Work required:
Only an exact copy of the lines beginning at the one that contains "using bounded_linear.has_derivative[OF L]" and ending at the last line of the records below counts as the answer.

**** Records supplied

definition has_normal_form :: "'n::euclidean_space set \<Rightarrow> ('n \<Rightarrow> real^2) \<Rightarrow> 'n \<Rightarrow> (real^3 \<Rightarrow> real^2) \<Rightarrow> bool" where
  "has_normal_form M g p nf \<longleftrightarrow> (\<exists>U \<phi> V W h. local_param M U \<phi> \<and> 0 \<in> U \<and> \<phi> 0 = p \<and>
     diffeo V W h \<and> g p \<in> V \<and> h (g p) = 0 \<and>
     (\<forall>u\<in>U. g (\<phi> u) \<in> V \<and> h (g (\<phi> u)) = nf u))"

definition cusp_points :: "'n::euclidean_space set \<Rightarrow> ('n \<Rightarrow> real^2) \<Rightarrow> 'n set" where
  "cusp_points M g = {p\<in>M. has_normal_form M g p nf_cusp}"

definition regular_curve_in :: "'n::euclidean_space set \<Rightarrow> 'n \<Rightarrow> real \<Rightarrow> (real \<Rightarrow> 'n) \<Rightarrow> bool" where
  "regular_curve_in S p e \<gamma> \<longleftrightarrow> e > 0 \<and> smooth_on {-e<..<e} \<gamma> \<and> \<gamma> ` {-e<..<e} \<subseteq> S \<and>
     \<gamma> 0 = p \<and> vector_derivative \<gamma> (at 0) \<noteq> 0"

text \<open>g restricted to S is an immersion with normal crossings (S is 1-dimensional).\<close>
definition immersion_normal_crossings :: "'n::euclidean_space set \<Rightarrow> ('n \<Rightarrow> real^2) \<Rightarrow> bool" where
  "immersion_normal_crossings S g \<longleftrightarrow>
     (\<forall>p e \<gamma>. regular_curve_in S p e \<gamma> \<longrightarrow> vector_derivative (g \<circ> \<gamma>) (at 0) \<noteq> 0) \<and>
     (\<forall>q. finite {p\<in>S. g p = q} \<and> card {p\<in>S. g p = q} \<le> 2) \<and>
     (\<forall>p1 p2 e1 e2 \<gamma>1 \<gamma>2. p1 \<noteq> p2 \<and> g p1 = g p2 \<and>
        regular_curve_in S p1 e1 \<gamma>1 \<and> regular_curve_in S p2 e2 \<gamma>2 \<longrightarrow>
        (let a = vector_derivative (g \<circ> \<gamma>1) (at 0); b = vector_derivative (g \<circ> \<gamma>2) (at 0)
         in a$1 * b$2 - a$2 * b$1 \<noteq> 0))"

definition stable_map :: "'n::euclidean_space set \<Rightarrow> ('n \<Rightarrow> real^2) \<Rightarrow> bool" where
  "stable_map M g \<longleftrightarrow> smooth_map M g \<and>
     (\<forall>p\<in>M. has_normal_form M g p nf_regular \<or> has_normal_form M g p nf_def_fold \<or>
             has_normal_form M g p nf_indef_fold \<or> has_normal_form M g p nf_cusp) \<and>
     (\<forall>p\<in>cusp_points M g. {q\<in>M. g q = g p} \<inter> singular_set M g = {p}) \<and>
     immersion_normal_crossings (singular_set M g - cusp_points M g) g"

end

theory Submission
  imports Defs
begin

text \<open>
  Write \<open>g = (f\<^sub>1, f\<^sub>2, f\<^sub>3, f\<^sub>4)\<close>. Then \<open>G = L \<circ> g\<close> and \<open>g\<^sub>1 = P \<circ> g\<close> for the injective real-linear map
  \<open>L x = (x\<^sub>1 + i x\<^sub>2, x\<^sub>3 + i x\<^sub>4, x\<^sub>1 - i x\<^sub>2)\<close> and the projection \<open>P x = (x\<^sub>1, x\<^sub>2)\<close>, so \<open>G\<close> is an
  immersion with \<open>dG = L \<circ> dg\<close>. Since the first and third coordinates of a point of \<open>L(\<real>\<^sup>4)\<close>
  are complex conjugate, \<open>w\<close> and \<open>i w\<close> both lie in \<open>L(\<real>\<^sup>4)\<close> only if these coordinates vanish;
  hence \<open>L(V)\<close> contains a complex line iff \<open>V\<close> contains the plane \<open>ker P\<close>. For the
  3-dimensional space \<open>V = dg(T\<^sub>xM)\<close>, rank-nullity for \<open>P\<close> on \<open>V\<close> turns this into
  \<open>rank (P \<circ> dg) \<le> 1\<close>, i.e. \<open>x \<in> S(g\<^sub>1)\<close>.
\<close>

lemma dim_kernel_on_add_dim_image:
  fixes f :: "'a::euclidean_space \<Rightarrow> 'b::euclidean_space"
  assumes f: "linear f" and S: "subspace S"
  shows "dim {x\<in>S. f x = 0} + dim (f ` S) = dim S"
proof -
  define K where "K = {x\<in>S. f x = 0}"
  define C where "C = {y\<in>S. \<forall>x\<in>K. orthogonal x y}"
  have "subspace K"
    unfolding K_def using S f by (auto simp: subspace_def linear_add linear_scale linear_0)
  have "subspace C"
    unfolding C_def using S by (auto simp: subspace_def orthogonal_clauses)
  have dim_C: "dim C + dim K = dim S"
    unfolding C_def by (rule dim_subspace_orthogonal_to_vectors[OF \<open>subspace K\<close> S]) (auto simp: K_def)
  have "f ` S \<subseteq> f ` C"
  proof
    fix v assume "v \<in> f ` S"
    then obtain x where "x \<in> S" "v = f x" by auto
    obtain y z where y: "y \<in> span K" and z: "\<And>w. w \<in> span K \<Longrightarrow> orthogonal z w" and "x = y + z"
      using orthogonal_subspace_decomp_exists[of K x] by blast
    have "y \<in> K" using y span_eq_iff[THEN iffD2, OF \<open>subspace K\<close>] by simp
    then have "z = x - y" "y \<in> S" "f y = 0" using \<open>x = y + z\<close> by (auto simp: K_def)
    then have "z \<in> S" "f z = f x"
      using \<open>x \<in> S\<close> S linear_diff[OF f] by (simp_all add: subspace_diff)
    moreover have "z \<in> C"
      unfolding C_def using \<open>z \<in> S\<close> z span_base orthogonal_commute by blast
    ultimately show "v \<in> f ` C" using \<open>v = f x\<close> by (metis image_eqI)
  qed
  then have "f ` C = f ` S" by (auto simp: C_def)
  have "inj_on f C"
  proof (rule inj_onI)
    fix a b assume "a \<in> C" "b \<in> C" "f a = f b"
    then have "a - b \<in> C" "a - b \<in> K"
      using subspace_diff[OF \<open>subspace C\<close>] linear_diff[OF f] by (auto simp: K_def C_def)
    then have "orthogonal (a - b) (a - b)" unfolding C_def by blast
    then show "a = b" by (simp add: orthogonal_self)
  qed
  then have "dim (f ` C) = dim C"
    using \<open>subspace C\<close> by (intro dim_image_eq[OF f]) (metis span_eq_iff)
  then show ?thesis using dim_C \<open>f ` C = f ` S\<close> by (simp add: K_def)
qed

lemma Ck_cong_open:
  assumes "open S" "Ck k S f" "\<And>x. x \<in> S \<Longrightarrow> f x = g x"
  shows "Ck k S g"
  using assms(2,3)
proof (induction k arbitrary: f g)
  case 0
  then show ?case using continuous_on_cong by fastforce
next
  case (Suc k)
  have "frechet_derivative f (at x) = frechet_derivative g (at x)" if "x \<in> S" for x
    using frechet_derivative_transform_within_open[OF _ \<open>open S\<close> that] Suc.prems that by auto
  then have "Ck k S (\<lambda>x. frechet_derivative g (at x) v)" for v
    using Suc.IH[of "\<lambda>x. frechet_derivative f (at x) v"] Suc.prems(1) by simp
  moreover have "g differentiable (at x)" if "x \<in> S" for x
    using has_derivative_transform_within_open[OF _ \<open>open S\<close> that] Suc.prems that
    by (metis Ck.simps(2) differentiable_def)
  ultimately show ?case by simp
qed

lemma frechet_derivative_bounded_linear_compose:
  assumes L: "bounded_linear L" and f: "f differentiable (at x)"
  shows "frechet_derivative (\<lambda>y. L (f y)) (at x) = L \<circ> frechet_derivative f (at x)"
proof -
  have "((\<lambda>y. L (f y)) has_derivative (\<lambda>v. L (frechet_derivative f (at x) v))) (at x)"
    using bounded_linear.has_derivative[OF L] f frechet_derivative_works by blast
  then show ?thesis by (simp add: frechet_derivative_at[symmetric] o_def)
qed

********

Output below:
    using bounded_linear.has_derivative[OF L] f frechet_derivative_works by blast
  then show ?thesis by (simp add: frechet_derivative_at[symmetric] o_def)
qed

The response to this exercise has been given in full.